■ ASSIGNED TASK: Pull every line with "finally" from the data below and copy it.
%%
lemma summable_gchoose_geometric:
  fixes m :: complex assumes "Re m > -1" "0 \<le> r" "r < 1"
  shows "summable (\<lambda>i. norm (m gchoose i) * r ^ i)"
proof -
  obtain C where C: "\<forall>\<^sub>F i in sequentially. norm (m gchoose i) \<le> C * real i powr (- Re m - 1)"
    using gchoose_bound by blast
  show ?thesis
  proof (rule summable_comparison_test_ev)
  show "summable (\<lambda>i. \<bar>C\<bar> * r ^ i)" using assms by (intro summable_mult summable_geometric) auto
  show "\<forall>\<^sub>F i in sequentially. norm (norm (m gchoose i) * r ^ i) \<le> \<bar>C\<bar> * r ^ i"
    using C eventually_gt_at_top[of "0::nat"]
  proof eventually_elim
    case (elim i)
    have "real i powr (- Re m - 1) \<le> real i powr 0"
      using elim assms by (intro powr_mono) auto
    then have "real i powr (- Re m - 1) \<le> 1"
      using elim by simp
    have "C * real i powr (- Re m - 1) \<le> \<bar>C\<bar> * real i powr (- Re m - 1)"
      by (intro mult_right_mono) auto
    also have "\<dots> \<le> \<bar>C\<bar>"
      using \<open>real i powr (- Re m - 1) \<le> 1\<close> by (intro mult_left_le) auto
    finally have "norm (m gchoose i) \<le> \<bar>C\<bar>" using elim(1) by linarith
    then show ?case using assms by (simp add: mult_right_mono)
  qed
  qed
qed

lemma binomial_series_cpowr_integral:
  assumes m: "Re m > -1" and T: "0 \<le> T" "T < 1"
  shows "(\<lambda>i. (m gchoose i) * beta_nat m i * of_real T ^ i) sums
           (LINT y:{0..1}|lborel. cpowr m y * cpowr m (1 + (1 - y) * T))"
proof -
  define h where "h = (\<lambda>i y. indicator {0..1} y *\<^sub>R (cpowr m y * of_real ((1 - y) ^ i)))"
  define f where "f = (\<lambda>i y. ((m gchoose i) * of_real T ^ i) * h i y)"
  have h_int: "integrable lborel (h i)" and h_val: "integral\<^sup>L lborel (h i) = beta_nat m i" for i
    using cpowr_beta_integral[OF m, of i]
    unfolding h_def set_integrable_def set_lebesgue_integral_def by auto
  have f_int: "integrable lborel (f i)" for i
    unfolding f_def by (intro integrable_mult_right h_int)
  have f_eq: "f i y = indicator {0..1} y *\<^sub>R (cpowr m y * ((m gchoose i) * of_real ((1 - y) * T) ^ i))"
    for i y unfolding f_def h_def by (simp add: power_mult_distrib mult_ac)
  have ratio: "0 \<le> (1 - y) * T" "(1 - y) * T < 1" if "y \<in> {0..1}" for y
    using that T mult_left_le_one_le[of T "1 - y"] by auto
  have norm_f: "norm (f i y) = indicator {0..1} y * (norm (cpowr m y) * (norm (m gchoose i) * ((1 - y) * T) ^ i))"
    for i y
  proof (cases "y \<in> {0..1}")
    case True
    then show ?thesis
      unfolding f_eq using ratio[OF True] by (simp add: norm_mult norm_power del: of_real_mult)
  qed (simp add: f_eq)
  have "AE y in lborel. summable (\<lambda>i. norm (f i y))"
  proof (intro AE_I2)
    fix y :: real
    show "summable (\<lambda>i. norm (f i y))"
    proof (cases "y \<in> {0..1}")
      case True
      then show ?thesis
        unfolding norm_f by (intro summable_mult summable_gchoose_geometric[OF m] ratio)
    qed (simp add: norm_f)
  qed
  moreover have "summable (\<lambda>i. \<integral>y. norm (f i y) \<partial>lborel)"
  proof (rule summable_comparison_test)
    define K where "K = (\<integral>y. indicator {0..1} y * norm (cpowr m y) \<partial>lborel)"
    have K_int: "integrable lborel (\<lambda>y. indicator {0..1} y * norm (cpowr m y))"
      using set_integrable_norm[OF set_integrable_cpowr_unit_interval[OF m]]
      unfolding set_integrable_def by simp
    have "(\<integral>y. norm (f i y) \<partial>lborel)
        \<le> (\<integral>y. norm (m gchoose i) * T ^ i * (indicator {0..1} y * norm (cpowr m y)) \<partial>lborel)" for i
    proof (rule integral_mono)
      fix y :: real
      have "norm (cpowr m y) * (norm (m gchoose i) * ((1 - y) * T) ^ i)
          \<le> norm (cpowr m y) * (norm (m gchoose i) * T ^ i)" if "y \<in> {0..1}"
        using that T by (intro mult_left_mono power_mono) (auto simp: mult_left_le_one_le)
      then show "norm (f i y) \<le> norm (m gchoose i) * T ^ i * (indicator {0..1} y * norm (cpowr m y))"
        unfolding norm_f by (auto simp: indicator_def mult_ac)
    qed (use f_int K_int in auto)
    also have "(\<integral>y. norm (m gchoose i) * T ^ i * (indicator {0..1} y * norm (cpowr m y)) \<partial>lborel)
        = K * (norm (m gchoose i) * T ^ i)" for i
      unfolding K_def integral_mult_right_zero by (simp only: mult_ac)
    finally show "\<exists>N. \<forall>n\<ge>N. norm (\<integral>y. norm (f n y) \<partial>lborel) \<le> K * (norm (m gchoose n) * T ^ n)"
      by auto
    show "summable (\<lambda>n. K * (norm (m gchoose n) * T ^ n))"
      by (intro summable_mult summable_gchoose_geometric[OF m T])
  qed
  ultimately have "(\<lambda>i. integral\<^sup>L lborel (f i)) sums (\<integral>y. (\<Sum>i. f i y) \<partial>lborel)"
    by (rule sums_integral[OF f_int])
  moreover have "(\<Sum>i. f i y) = indicator {0..1} y *\<^sub>R (cpowr m y * cpowr m (1 + (1 - y) * T))" for y
  proof (cases "y \<in> {0..1}")
    case True
    have "norm (complex_of_real ((1 - y) * T)) < 1"
      using ratio[OF True] by (simp only: norm_of_real abs_of_nonneg)
    from sums_mult[OF gen_binomial_complex[OF this], of "cpowr m y"]
    show ?thesis using True ratio[OF True] unfolding f_eq by (simp add: sums_iff cpowr_eq_powr)
  qed (simp add: f_eq)
  ultimately show ?thesis
    by (simp add: f_def h_val set_lebesgue_integral_def mult_ac)
qed

lemma cpowr_elliptic_kernel_integral_sums:
  assumes m: "Re m > -1" and b: "0 \<le> b" "b < pi/2"
  shows "(\<lambda>i. (m gchoose i) * beta_nat m i * of_real (2 / (1 + cos b) * tan_half_sq b ^ i)) sums
           (LINT x:{0..1}|lborel. cpowr m x * of_real (1 / sqrt (1 - x * (sin b)\<^sup>2)))"
proof -
  have "0 < cos b" using b by (intro cos_gt_zero_pi) auto
  then have "0 \<le> tan_half_sq b" "tan_half_sq b < 1"
    by (simp_all add: tan_half_sq_nonneg tan_half_sq_less_one)
  from sums_mult[OF binomial_series_cpowr_integral[OF m this], of "of_real (2 / (1 + cos b))"]
  show ?thesis unfolding cpowr_elliptic_kernel_substitution[OF m b] by (simp add: mult_ac)
qed

lemma summable_norm_gchoose_beta_nat_geometric:
  fixes m :: complex assumes "Re m > -1" "0 \<le> t" "t < 1"
  shows "summable (\<lambda>i. norm ((m gchoose i) * beta_nat m i) * t ^ i)"
proof (rule summable_comparison_test)
  show "summable (\<lambda>i. 1 / (Re m + 1) * (norm (m gchoose i) * t ^ i))"
    using assms by (intro summable_mult summable_gchoose_geometric)
  have "norm ((m gchoose i) * beta_nat m i) \<le> norm (m gchoose i) * (1 / (Re m + 1))" for i
    unfolding norm_mult using assms
    by (intro mult_left_mono order_trans[OF norm_beta_nat_le beta_nat_le]) auto
  then have "norm ((m gchoose i) * beta_nat m i) * t ^ i \<le> norm (m gchoose i) * (1 / (Re m + 1)) * t ^ i"
    for i using assms by (intro mult_right_mono) auto
  then show "\<exists>N. \<forall>i\<ge>N. norm (norm ((m gchoose i) * beta_nat m i) * t ^ i)
      \<le> 1 / (Re m + 1) * (norm (m gchoose i) * t ^ i)"
    using assms by (simp add: mult_ac)
qed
%%
■ FINISHED EXERCISE:
    finally have "norm (m gchoose i) \<le> \<bar>C\<bar>" using elim(1) by linarith
    finally show "\<exists>N. \<forall>n\<ge>N. norm (\<integral>y. norm (f n y) \<partial>lborel) \<le> K * (norm (m gchoose n) * T ^ n)"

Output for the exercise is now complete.